INFORMATION SUPPLIED Block Start

lemma eventually_average_deviation_le:
  fixes f :: "real \<Rightarrow> real"
  assumes f: "continuous_on UNIV f" and e: "e > 0"
  shows "\<forall>\<^sub>F n in sequentially. \<forall>\<rho>\<in>PiE (V n) (\<lambda>_. UNIV).
    cmod ((\<Sum>v\<in>V n. fcalc (V n) (Hn n \<rho>) f v v - fcalc UNIV (H (Pi_sh \<sigma> n v \<rho>)) f 0 0)
          / of_nat (card (V n))) \<le> e"
proof -
  obtain r where r: "r \<ge> 0" "\<And>\<omega>. polymat_entry_bounded UNIV (H \<omega>) 0 0 r"
    "\<And>n \<rho> v. \<rho> \<in> PiE (V n) (\<lambda>_. UNIV) \<Longrightarrow> v \<in> V n \<Longrightarrow> polymat_entry_bounded (V n) (Hn n \<rho>) v v r"
    using exists_polymat_entry_bound by blast
  obtain Fb where Fb: "\<And>t. \<bar>t\<bar> \<le> r \<Longrightarrow> \<bar>f t\<bar> \<le> Fb"
  proof -
    have "compact (f ` {-r..r})"
      by (rule compact_continuous_image[OF continuous_on_subset[OF f]]) auto
    then show ?thesis using that by (force dest!: compact_imp_bounded simp: bounded_iff abs_le_iff)
  qed
  obtain p where p: "\<forall>t. \<bar>t\<bar> \<le> r \<longrightarrow> \<bar>poly p t - f t\<bar> < e / 3"
    using exists_poly_approx[OF f, of "e / 3"] e by auto
  define C where "C = Fb + e / 3"
  define T where "T = degree p * M + 4 * M + 2"
  have pf: "\<bar>poly p t - f t\<bar> \<le> e / 3" if "\<bar>t\<bar> \<le> r" for t
    using p that by (simp add: less_imp_le)
  have pC: "\<bar>poly p t\<bar> \<le> C" if "\<bar>t\<bar> \<le> r" for t
    using pf[OF that] Fb[OF that] unfolding C_def by arith
  have C: "C \<ge> 0" using pC[of 0] r(1) by simp
  have "\<forall>\<^sub>F n in sequentially. real (card {v\<in>V n. \<not> mult_free_on_ball S V \<sigma> n T v}) / real (card (V n))
      < (e / 3) / (2 * C + 1)"
    using C e by (intro order_tendstoD(2)[OF density_not_mult_free_tendsto_0]) simp
  with eventually_card_V_pos show ?thesis
  proof eventually_elim
    case (elim n)
    show ?case
    proof
      fix \<rho> assume \<rho>: "\<rho> \<in> PiE (V n) (\<lambda>_. UNIV :: 'x set)"
      let ?d = "real (card {v\<in>V n. \<not> mult_free_on_ball S V \<sigma> n T v}) / real (card (V n))"
      have "cmod ((\<Sum>v\<in>V n. fcalc (V n) (Hn n \<rho>) f v v - fcalc UNIV (H (Pi_sh \<sigma> n v \<rho>)) f 0 0)
          / of_nat (card (V n))) \<le> 2 * (e / 3) + 2 * C * ?d"
        using elim(1) by (intro norm_average_le finite_V fcalc_deviation_le[OF r(2) r(3)[OF \<rho>] f pf pC \<rho>])
          (auto simp: T_def)
      also have "\<dots> \<le> 2 * (e / 3) + 2 * C * ((e / 3) / (2 * C + 1))"
        using elim(2) C by (intro add_left_mono mult_left_mono) auto
      also have "\<dots> \<le> e"
        using C e by (simp add: field_simps)
      finally show "cmod ((\<Sum>v\<in>V n. fcalc (V n) (Hn n \<rho>) f v v - fcalc UNIV (H (Pi_sh \<sigma> n v \<rho>)) f 0 0)
          / of_nat (card (V n))) \<le> e" .
    qed
  qed
qed

end

theorem mainTheorem17:
  fixes S :: "'g::group_add set"
    and V :: "nat \<Rightarrow> 'v set"
    and \<sigma> :: "nat \<Rightarrow> 'g \<Rightarrow> 'v \<Rightarrow> 'v"
    and M :: nat
    and H :: "('g \<Rightarrow> 'x::metric_space) \<Rightarrow> 'g \<Rightarrow> 'g \<Rightarrow> complex"
    and Hn :: "nat \<Rightarrow> ('v \<Rightarrow> 'x) \<Rightarrow> 'v \<Rightarrow> 'v \<Rightarrow> complex"
    and f :: "real \<Rightarrow> real"
  assumes "finite S" and "\<forall>s\<in>S. - s \<in> S" and "0 \<notin> S" and "generates S"
    and "compact (UNIV :: 'x set)"
    and "sofic_approx V \<sigma>"
    and "continuous_operator S M H"
    and "(\<forall>n g h. \<forall>v\<in>V n. \<sigma> n (g + h) v = \<sigma> n g (\<sigma> n h v)) \<or> bounded_interaction S M H"
    and "induced_approx S V \<sigma> M H Hn"
    and "continuous_on UNIV f"
  shows "(\<lambda>n. SUP \<rho>\<in>PiE (V n) (\<lambda>_. UNIV).
            ereal (cmod ((\<Sum>v\<in>V n. fcalc (V n) (Hn n \<rho>) f v v
                                    - fcalc UNIV (H (Pi_sh \<sigma> n v \<rho>)) f 0 0)
                         / of_nat (card (V n))))) \<longlonglongrightarrow> 0"
proof -
  interpret induced_approximation S V \<sigma> M H Hn
    by unfold_locales (rule assms)+
  show ?thesis
    by (rule SUP_ereal_tendsto_0) (simp_all add: PiE_eq_empty_iff eventually_average_deviation_le[OF assms(10)])
qed

end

INFORMATION SUPPLIED Block End

# TASK TO CARRY OUT:
For the entries shown above, give the number of lines that include the word "intro", without any other text.

# YOUR SOLUTION:
3